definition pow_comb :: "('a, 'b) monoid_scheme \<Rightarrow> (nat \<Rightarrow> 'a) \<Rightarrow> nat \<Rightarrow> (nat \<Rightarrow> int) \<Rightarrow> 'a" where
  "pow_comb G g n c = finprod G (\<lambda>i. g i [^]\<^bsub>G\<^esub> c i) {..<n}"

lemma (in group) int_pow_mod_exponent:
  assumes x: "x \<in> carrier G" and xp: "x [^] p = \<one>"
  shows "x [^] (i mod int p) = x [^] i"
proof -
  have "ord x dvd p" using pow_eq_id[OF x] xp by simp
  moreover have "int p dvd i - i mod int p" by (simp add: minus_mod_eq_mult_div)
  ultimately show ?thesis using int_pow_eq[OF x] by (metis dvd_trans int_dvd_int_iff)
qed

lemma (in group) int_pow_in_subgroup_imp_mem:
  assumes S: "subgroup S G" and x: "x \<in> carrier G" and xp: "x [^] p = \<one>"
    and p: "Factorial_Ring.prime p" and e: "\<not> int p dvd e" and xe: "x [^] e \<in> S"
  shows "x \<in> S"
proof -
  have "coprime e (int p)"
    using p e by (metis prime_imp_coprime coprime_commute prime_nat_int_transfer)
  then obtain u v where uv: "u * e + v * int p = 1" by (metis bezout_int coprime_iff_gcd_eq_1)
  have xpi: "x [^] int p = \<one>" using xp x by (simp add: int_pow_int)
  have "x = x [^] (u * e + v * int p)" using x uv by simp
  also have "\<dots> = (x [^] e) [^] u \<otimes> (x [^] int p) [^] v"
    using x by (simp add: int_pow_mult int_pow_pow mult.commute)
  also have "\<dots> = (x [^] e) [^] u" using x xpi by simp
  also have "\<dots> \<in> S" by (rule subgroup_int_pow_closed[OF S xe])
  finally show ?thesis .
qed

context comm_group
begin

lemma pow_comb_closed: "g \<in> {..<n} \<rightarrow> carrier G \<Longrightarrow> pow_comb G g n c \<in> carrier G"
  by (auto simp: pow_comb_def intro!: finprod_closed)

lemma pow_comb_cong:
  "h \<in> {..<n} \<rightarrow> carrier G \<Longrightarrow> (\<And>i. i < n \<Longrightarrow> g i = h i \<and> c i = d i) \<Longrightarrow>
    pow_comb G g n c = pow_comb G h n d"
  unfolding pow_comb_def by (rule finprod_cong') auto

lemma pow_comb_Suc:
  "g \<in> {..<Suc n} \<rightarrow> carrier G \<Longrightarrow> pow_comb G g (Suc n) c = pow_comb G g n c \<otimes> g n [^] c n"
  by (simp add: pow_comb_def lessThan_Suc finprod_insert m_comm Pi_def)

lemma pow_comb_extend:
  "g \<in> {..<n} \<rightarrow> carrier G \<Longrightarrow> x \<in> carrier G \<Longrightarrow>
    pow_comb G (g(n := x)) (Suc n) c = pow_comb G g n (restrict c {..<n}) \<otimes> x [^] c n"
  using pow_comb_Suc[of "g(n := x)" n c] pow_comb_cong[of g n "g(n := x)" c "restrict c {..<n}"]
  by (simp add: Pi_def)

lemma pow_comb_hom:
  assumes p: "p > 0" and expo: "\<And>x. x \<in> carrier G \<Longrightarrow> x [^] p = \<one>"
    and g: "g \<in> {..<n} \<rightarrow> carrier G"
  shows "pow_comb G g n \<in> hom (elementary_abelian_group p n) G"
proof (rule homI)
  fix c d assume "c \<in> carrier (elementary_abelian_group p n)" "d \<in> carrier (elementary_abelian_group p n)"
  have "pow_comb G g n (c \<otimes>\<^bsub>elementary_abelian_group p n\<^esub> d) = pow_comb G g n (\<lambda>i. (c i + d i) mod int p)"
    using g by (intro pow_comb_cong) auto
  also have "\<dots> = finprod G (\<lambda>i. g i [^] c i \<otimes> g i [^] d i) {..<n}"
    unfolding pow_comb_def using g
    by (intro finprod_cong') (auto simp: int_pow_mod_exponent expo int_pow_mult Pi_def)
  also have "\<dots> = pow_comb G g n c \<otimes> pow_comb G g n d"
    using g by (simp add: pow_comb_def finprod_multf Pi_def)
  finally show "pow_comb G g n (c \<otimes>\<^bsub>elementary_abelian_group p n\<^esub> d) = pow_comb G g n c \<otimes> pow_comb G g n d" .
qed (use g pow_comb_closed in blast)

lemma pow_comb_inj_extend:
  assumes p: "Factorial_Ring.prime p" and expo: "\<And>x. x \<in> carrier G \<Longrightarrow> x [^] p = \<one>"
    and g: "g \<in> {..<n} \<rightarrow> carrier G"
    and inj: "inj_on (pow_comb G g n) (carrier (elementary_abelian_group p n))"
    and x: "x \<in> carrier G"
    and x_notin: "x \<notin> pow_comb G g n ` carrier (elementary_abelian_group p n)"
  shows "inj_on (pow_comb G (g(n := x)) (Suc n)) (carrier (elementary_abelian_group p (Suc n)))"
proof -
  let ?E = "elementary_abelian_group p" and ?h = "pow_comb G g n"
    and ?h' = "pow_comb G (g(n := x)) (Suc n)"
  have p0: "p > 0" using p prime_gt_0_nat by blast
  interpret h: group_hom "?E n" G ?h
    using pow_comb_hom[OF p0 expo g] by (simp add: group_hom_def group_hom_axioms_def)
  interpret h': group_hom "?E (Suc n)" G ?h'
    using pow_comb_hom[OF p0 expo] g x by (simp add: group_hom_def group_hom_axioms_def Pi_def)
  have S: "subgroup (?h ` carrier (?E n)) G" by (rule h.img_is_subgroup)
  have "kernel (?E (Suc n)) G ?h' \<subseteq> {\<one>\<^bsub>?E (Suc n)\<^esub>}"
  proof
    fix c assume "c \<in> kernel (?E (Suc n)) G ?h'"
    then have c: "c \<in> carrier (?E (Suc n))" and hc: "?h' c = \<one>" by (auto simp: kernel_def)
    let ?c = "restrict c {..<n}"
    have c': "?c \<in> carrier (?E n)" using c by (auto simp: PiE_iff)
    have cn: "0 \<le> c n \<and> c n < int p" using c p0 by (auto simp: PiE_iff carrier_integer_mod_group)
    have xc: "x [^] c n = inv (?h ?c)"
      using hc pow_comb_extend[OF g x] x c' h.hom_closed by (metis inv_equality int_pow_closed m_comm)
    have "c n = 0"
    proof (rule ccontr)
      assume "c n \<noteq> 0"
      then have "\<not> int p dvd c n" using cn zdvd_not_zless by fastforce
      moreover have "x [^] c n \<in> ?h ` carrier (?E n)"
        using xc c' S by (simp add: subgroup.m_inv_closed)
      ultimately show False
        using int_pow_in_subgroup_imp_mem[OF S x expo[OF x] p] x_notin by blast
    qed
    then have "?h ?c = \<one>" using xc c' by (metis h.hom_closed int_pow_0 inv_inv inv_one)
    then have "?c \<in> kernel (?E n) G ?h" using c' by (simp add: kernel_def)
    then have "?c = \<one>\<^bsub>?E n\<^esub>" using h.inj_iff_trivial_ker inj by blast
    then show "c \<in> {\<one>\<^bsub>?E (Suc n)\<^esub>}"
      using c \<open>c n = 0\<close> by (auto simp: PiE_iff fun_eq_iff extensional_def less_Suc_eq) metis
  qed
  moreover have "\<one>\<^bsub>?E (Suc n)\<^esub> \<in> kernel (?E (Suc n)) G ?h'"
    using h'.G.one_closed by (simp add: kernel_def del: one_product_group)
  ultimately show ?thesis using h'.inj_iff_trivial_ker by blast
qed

------

Assignment | The expected response reproduces all of the data precisely.

Output of the exercise |
definition pow_comb :: "('a, 'b) monoid_scheme \<Rightarrow> (nat \<Rightarrow> 'a) \<Rightarrow> nat \<Rightarrow> (nat \<Rightarrow> int) \<Rightarrow> 'a" where
  "pow_comb G g n c = finprod G (\<lambda>i. g i [^]\<^bsub>G\<^esub> c i) {..<n}"

lemma (in group) int_pow_mod_exponent:
  assumes x: "x \<in> carrier G" and xp: "x [^] p = \<one>"
  shows "x [^] (i mod int p) = x [^] i"
proof -
  have "ord x dvd p" using pow_eq_id[OF x] xp by simp
  moreover have "int p dvd i - i mod int p" by (simp add: minus_mod_eq_mult_div)
  ultimately show ?thesis using int_pow_eq[OF x] by (metis dvd_trans int_dvd_int_iff)
qed

lemma (in group) int_pow_in_subgroup_imp_mem:
  assumes S: "subgroup S G" and x: "x \<in> carrier G" and xp: "x [^] p = \<one>"
    and p: "Factorial_Ring.prime p" and e: "\<not> int p dvd e" and xe: "x [^] e \<in> S"
  shows "x \<in> S"
proof -
  have "coprime e (int p)"
    using p e by (metis prime_imp_coprime coprime_commute prime_nat_int_transfer)
  then obtain u v where uv: "u * e + v * int p = 1" by (metis bezout_int coprime_iff_gcd_eq_1)
  have xpi: "x [^] int p = \<one>" using xp x by (simp add: int_pow_int)
  have "x = x [^] (u * e + v * int p)" using x uv by simp
  also have "\<dots> = (x [^] e) [^] u \<otimes> (x [^] int p) [^] v"
    using x by (simp add: int_pow_mult int_pow_pow mult.commute)
  also have "\<dots> = (x [^] e) [^] u" using x xpi by simp
  also have "\<dots> \<in> S" by (rule subgroup_int_pow_closed[OF S xe])
  finally show ?thesis .
qed

context comm_group
begin

lemma pow_comb_closed: "g \<in> {..<n} \<rightarrow> carrier G \<Longrightarrow> pow_comb G g n c \<in> carrier G"
  by (auto simp: pow_comb_def intro!: finprod_closed)

lemma pow_comb_cong:
  "h \<in> {..<n} \<rightarrow> carrier G \<Longrightarrow> (\<And>i. i < n \<Longrightarrow> g i = h i \<and> c i = d i) \<Longrightarrow>
    pow_comb G g n c = pow_comb G h n d"
  unfolding pow_comb_def by (rule finprod_cong') auto

lemma pow_comb_Suc:
  "g \<in> {..<Suc n} \<rightarrow> carrier G \<Longrightarrow> pow_comb G g (Suc n) c = pow_comb G g n c \<otimes> g n [^] c n"
  by (simp add: pow_comb_def lessThan_Suc finprod_insert m_comm Pi_def)

lemma pow_comb_extend:
  "g \<in> {..<n} \<rightarrow> carrier G \<Longrightarrow> x \<in> carrier G \<Longrightarrow>
    pow_comb G (g(n := x)) (Suc n) c = pow_comb G g n (restrict c {..<n}) \<otimes> x [^] c n"
  using pow_comb_Suc[of "g(n := x)" n c] pow_comb_cong[of g n "g(n := x)" c "restrict c {..<n}"]
  by (simp add: Pi_def)

lemma pow_comb_hom:
  assumes p: "p > 0" and expo: "\<And>x. x \<in> carrier G \<Longrightarrow> x [^] p = \<one>"
    and g: "g \<in> {..<n} \<rightarrow> carrier G"
  shows "pow_comb G g n \<in> hom (elementary_abelian_group p n) G"
proof (rule homI)
  fix c d assume "c \<in> carrier (elementary_abelian_group p n)" "d \<in> carrier (elementary_abelian_group p n)"
  have "pow_comb G g n (c \<otimes>\<^bsub>elementary_abelian_group p n\<^esub> d) = pow_comb G g n (\<lambda>i. (c i + d i) mod int p)"
    using g by (intro pow_comb_cong) auto
  also have "\<dots> = finprod G (\<lambda>i. g i [^] c i \<otimes> g i [^] d i) {..<n}"
    unfolding pow_comb_def using g
    by (intro finprod_cong') (auto simp: int_pow_mod_exponent expo int_pow_mult Pi_def)
  also have "\<dots> = pow_comb G g n c \<otimes> pow_comb G g n d"
    using g by (simp add: pow_comb_def finprod_multf Pi_def)
  finally show "pow_comb G g n (c \<otimes>\<^bsub>elementary_abelian_group p n\<^esub> d) = pow_comb G g n c \<otimes> pow_comb G g n d" .
qed (use g pow_comb_closed in blast)

lemma pow_comb_inj_extend:
  assumes p: "Factorial_Ring.prime p" and expo: "\<And>x. x \<in> carrier G \<Longrightarrow> x [^] p = \<one>"
    and g: "g \<in> {..<n} \<rightarrow> carrier G"
    and inj: "inj_on (pow_comb G g n) (carrier (elementary_abelian_group p n))"
    and x: "x \<in> carrier G"
    and x_notin: "x \<notin> pow_comb G g n ` carrier (elementary_abelian_group p n)"
  shows "inj_on (pow_comb G (g(n := x)) (Suc n)) (carrier (elementary_abelian_group p (Suc n)))"
proof -
  let ?E = "elementary_abelian_group p" and ?h = "pow_comb G g n"
    and ?h' = "pow_comb G (g(n := x)) (Suc n)"
  have p0: "p > 0" using p prime_gt_0_nat by blast
  interpret h: group_hom "?E n" G ?h
    using pow_comb_hom[OF p0 expo g] by (simp add: group_hom_def group_hom_axioms_def)
  interpret h': group_hom "?E (Suc n)" G ?h'
    using pow_comb_hom[OF p0 expo] g x by (simp add: group_hom_def group_hom_axioms_def Pi_def)
  have S: "subgroup (?h ` carrier (?E n)) G" by (rule h.img_is_subgroup)
  have "kernel (?E (Suc n)) G ?h' \<subseteq> {\<one>\<^bsub>?E (Suc n)\<^esub>}"
  proof
    fix c assume "c \<in> kernel (?E (Suc n)) G ?h'"
    then have c: "c \<in> carrier (?E (Suc n))" and hc: "?h' c = \<one>" by (auto simp: kernel_def)
    let ?c = "restrict c {..<n}"
    have c': "?c \<in> carrier (?E n)" using c by (auto simp: PiE_iff)
    have cn: "0 \<le> c n \<and> c n < int p" using c p0 by (auto simp: PiE_iff carrier_integer_mod_group)
    have xc: "x [^] c n = inv (?h ?c)"
      using hc pow_comb_extend[OF g x] x c' h.hom_closed by (metis inv_equality int_pow_closed m_comm)
    have "c n = 0"
    proof (rule ccontr)
      assume "c n \<noteq> 0"
      then have "\<not> int p dvd c n" using cn zdvd_not_zless by fastforce
      moreover have "x [^] c n \<in> ?h ` carrier (?E n)"
        using xc c' S by (simp add: subgroup.m_inv_closed)
      ultimately show False
        using int_pow_in_subgroup_imp_mem[OF S x expo[OF x] p] x_notin by blast
    qed
    then have "?h ?c = \<one>" using xc c' by (metis h.hom_closed int_pow_0 inv_inv inv_one)
    then have "?c \<in> kernel (?E n) G ?h" using c' by (simp add: kernel_def)
    then have "?c = \<one>\<^bsub>?E n\<^esub>" using h.inj_iff_trivial_ker inj by blast
    then show "c \<in> {\<one>\<^bsub>?E (Suc n)\<^esub>}"
      using c \<open>c n = 0\<close> by (auto simp: PiE_iff fun_eq_iff extensional_def less_Suc_eq) metis
  qed
  moreover have "\<one>\<^bsub>?E (Suc n)\<^esub> \<in> kernel (?E (Suc n)) G ?h'"
    using h'.G.one_closed by (simp add: kernel_def del: one_product_group)
  ultimately show ?thesis using h'.inj_iff_trivial_ker by blast
qed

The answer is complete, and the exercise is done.